## [DATA FOR ANALYSIS]
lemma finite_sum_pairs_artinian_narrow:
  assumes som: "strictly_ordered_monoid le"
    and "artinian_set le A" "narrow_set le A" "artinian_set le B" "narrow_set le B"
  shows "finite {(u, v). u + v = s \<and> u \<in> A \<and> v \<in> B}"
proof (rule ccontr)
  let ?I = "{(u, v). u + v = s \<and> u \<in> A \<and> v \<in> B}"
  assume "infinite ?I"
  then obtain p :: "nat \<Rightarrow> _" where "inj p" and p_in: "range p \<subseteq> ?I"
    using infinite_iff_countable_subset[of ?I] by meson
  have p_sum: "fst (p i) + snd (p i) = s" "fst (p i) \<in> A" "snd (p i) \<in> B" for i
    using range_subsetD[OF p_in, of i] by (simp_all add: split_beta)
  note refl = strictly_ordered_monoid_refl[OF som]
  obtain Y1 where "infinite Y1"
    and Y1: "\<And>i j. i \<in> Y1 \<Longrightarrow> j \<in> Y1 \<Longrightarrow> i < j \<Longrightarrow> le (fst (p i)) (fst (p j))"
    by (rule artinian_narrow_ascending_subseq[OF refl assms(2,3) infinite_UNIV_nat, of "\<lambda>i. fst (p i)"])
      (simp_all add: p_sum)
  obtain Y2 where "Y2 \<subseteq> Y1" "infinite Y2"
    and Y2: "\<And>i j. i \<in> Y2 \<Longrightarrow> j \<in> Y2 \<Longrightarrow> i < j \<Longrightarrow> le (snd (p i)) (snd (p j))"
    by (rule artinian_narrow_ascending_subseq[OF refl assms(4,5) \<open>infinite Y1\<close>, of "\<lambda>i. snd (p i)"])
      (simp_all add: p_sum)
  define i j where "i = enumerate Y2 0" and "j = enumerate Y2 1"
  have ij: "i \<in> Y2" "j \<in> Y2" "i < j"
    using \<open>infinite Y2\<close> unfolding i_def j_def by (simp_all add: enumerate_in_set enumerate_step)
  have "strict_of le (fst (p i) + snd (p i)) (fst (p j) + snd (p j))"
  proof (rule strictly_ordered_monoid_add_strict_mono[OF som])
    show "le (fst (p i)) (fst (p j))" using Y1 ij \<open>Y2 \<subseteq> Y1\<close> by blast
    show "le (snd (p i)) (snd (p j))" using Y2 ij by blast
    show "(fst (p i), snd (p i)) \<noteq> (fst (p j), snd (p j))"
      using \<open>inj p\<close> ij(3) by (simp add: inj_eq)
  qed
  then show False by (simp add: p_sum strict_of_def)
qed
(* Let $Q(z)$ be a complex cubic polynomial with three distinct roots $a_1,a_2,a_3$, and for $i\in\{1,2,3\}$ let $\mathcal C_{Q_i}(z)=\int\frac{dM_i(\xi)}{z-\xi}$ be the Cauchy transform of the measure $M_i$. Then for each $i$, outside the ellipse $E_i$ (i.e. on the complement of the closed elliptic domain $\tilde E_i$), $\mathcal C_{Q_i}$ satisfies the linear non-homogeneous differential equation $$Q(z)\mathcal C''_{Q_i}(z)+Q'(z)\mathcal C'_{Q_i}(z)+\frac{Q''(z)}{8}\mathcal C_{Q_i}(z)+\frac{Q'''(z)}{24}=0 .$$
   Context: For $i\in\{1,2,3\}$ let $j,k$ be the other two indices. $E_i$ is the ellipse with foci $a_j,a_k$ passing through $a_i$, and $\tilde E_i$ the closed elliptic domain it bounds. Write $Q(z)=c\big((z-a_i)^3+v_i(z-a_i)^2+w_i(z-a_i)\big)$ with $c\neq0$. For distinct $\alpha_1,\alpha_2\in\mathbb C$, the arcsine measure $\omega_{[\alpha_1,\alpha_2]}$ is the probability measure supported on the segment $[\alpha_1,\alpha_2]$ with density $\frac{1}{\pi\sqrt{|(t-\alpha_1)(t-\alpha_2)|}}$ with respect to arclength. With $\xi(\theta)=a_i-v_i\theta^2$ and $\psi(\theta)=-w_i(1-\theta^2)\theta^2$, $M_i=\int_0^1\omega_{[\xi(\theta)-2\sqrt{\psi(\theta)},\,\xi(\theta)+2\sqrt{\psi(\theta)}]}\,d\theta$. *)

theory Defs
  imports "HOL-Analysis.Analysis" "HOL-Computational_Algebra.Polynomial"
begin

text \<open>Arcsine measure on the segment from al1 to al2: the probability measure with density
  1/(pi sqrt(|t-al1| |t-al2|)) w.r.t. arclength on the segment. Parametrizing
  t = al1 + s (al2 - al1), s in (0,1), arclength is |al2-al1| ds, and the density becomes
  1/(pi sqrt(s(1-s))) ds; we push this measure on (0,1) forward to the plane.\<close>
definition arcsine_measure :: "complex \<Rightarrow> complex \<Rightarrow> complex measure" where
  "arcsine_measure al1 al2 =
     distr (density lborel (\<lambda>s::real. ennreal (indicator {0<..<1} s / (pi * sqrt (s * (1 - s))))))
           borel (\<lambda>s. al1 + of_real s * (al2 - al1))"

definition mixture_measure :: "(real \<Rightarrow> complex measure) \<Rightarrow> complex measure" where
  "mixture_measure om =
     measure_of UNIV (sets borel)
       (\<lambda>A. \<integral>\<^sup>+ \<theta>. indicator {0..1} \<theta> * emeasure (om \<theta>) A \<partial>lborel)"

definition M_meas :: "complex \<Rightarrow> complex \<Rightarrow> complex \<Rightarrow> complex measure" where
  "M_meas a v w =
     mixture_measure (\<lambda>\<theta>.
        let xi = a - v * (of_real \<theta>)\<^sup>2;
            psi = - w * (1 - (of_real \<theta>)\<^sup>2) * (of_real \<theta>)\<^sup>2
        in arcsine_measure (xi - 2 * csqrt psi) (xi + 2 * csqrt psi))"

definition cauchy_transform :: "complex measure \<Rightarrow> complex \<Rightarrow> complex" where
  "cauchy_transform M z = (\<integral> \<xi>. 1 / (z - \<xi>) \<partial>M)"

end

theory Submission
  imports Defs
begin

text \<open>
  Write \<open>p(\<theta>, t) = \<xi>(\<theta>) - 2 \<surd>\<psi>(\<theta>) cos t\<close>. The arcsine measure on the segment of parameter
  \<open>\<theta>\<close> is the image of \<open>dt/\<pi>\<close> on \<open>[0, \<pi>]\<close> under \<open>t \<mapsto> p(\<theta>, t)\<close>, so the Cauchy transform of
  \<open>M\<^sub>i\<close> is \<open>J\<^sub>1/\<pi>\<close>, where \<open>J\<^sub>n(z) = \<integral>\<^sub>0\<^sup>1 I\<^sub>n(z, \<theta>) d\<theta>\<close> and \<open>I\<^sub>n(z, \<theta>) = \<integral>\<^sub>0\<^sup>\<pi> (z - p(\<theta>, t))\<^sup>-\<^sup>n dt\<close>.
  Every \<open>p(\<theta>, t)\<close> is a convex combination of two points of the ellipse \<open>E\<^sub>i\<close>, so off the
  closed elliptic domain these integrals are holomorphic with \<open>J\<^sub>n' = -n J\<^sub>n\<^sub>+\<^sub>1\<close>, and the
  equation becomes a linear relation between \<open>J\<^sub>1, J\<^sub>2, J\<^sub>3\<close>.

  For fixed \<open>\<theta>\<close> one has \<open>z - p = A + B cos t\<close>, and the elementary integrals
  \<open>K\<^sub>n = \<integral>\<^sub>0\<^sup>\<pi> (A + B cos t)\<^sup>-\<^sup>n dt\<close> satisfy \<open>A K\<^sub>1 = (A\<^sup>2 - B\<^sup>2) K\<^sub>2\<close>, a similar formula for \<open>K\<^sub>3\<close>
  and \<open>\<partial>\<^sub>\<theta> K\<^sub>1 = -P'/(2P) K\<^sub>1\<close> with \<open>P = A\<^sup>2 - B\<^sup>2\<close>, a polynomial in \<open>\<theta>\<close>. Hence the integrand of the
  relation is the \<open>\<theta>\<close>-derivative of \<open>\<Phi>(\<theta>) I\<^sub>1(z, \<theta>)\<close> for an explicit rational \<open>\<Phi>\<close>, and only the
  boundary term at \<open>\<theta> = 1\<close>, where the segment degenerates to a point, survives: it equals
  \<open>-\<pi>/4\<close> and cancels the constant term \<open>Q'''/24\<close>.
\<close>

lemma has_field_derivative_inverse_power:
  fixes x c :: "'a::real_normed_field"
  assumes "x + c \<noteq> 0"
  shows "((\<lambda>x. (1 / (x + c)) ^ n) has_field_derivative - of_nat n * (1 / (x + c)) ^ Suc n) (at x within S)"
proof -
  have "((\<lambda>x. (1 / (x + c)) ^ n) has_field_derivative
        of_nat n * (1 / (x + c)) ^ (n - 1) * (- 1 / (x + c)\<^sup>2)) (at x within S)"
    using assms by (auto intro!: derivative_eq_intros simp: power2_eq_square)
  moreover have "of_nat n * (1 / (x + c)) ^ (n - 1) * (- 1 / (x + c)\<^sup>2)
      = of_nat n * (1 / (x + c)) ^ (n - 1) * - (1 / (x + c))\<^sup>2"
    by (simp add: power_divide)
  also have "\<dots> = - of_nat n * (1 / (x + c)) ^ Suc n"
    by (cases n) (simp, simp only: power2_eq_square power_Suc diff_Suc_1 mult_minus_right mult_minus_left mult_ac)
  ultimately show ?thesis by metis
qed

## [TASK OBJECTIVE]
Retype the listing above, word for word, from its first line to the line containing "Y2 \<Longrightarrow> j", both ends included.

## [RESPONSE]
lemma finite_sum_pairs_artinian_narrow:
  assumes som: "strictly_ordered_monoid le"
    and "artinian_set le A" "narrow_set le A" "artinian_set le B" "narrow_set le B"
  shows "finite {(u, v). u + v = s \<and> u \<in> A \<and> v \<in> B}"
proof (rule ccontr)
  let ?I = "{(u, v). u + v = s \<and> u \<in> A \<and> v \<in> B}"
  assume "infinite ?I"
  then obtain p :: "nat \<Rightarrow> _" where "inj p" and p_in: "range p \<subseteq> ?I"
    using infinite_iff_countable_subset[of ?I] by meson
  have p_sum: "fst (p i) + snd (p i) = s" "fst (p i) \<in> A" "snd (p i) \<in> B" for i
    using range_subsetD[OF p_in, of i] by (simp_all add: split_beta)
  note refl = strictly_ordered_monoid_refl[OF som]
  obtain Y1 where "infinite Y1"
    and Y1: "\<And>i j. i \<in> Y1 \<Longrightarrow> j \<in> Y1 \<Longrightarrow> i < j \<Longrightarrow> le (fst (p i)) (fst (p j))"
    by (rule artinian_narrow_ascending_subseq[OF refl assms(2,3) infinite_UNIV_nat, of "\<lambda>i. fst (p i)"])
      (simp_all add: p_sum)
  obtain Y2 where "Y2 \<subseteq> Y1" "infinite Y2"
    and Y2: "\<And>i j. i \<in> Y2 \<Longrightarrow> j \<in> Y2 \<Longrightarrow> i < j \<Longrightarrow> le (snd (p i)) (snd (p j))"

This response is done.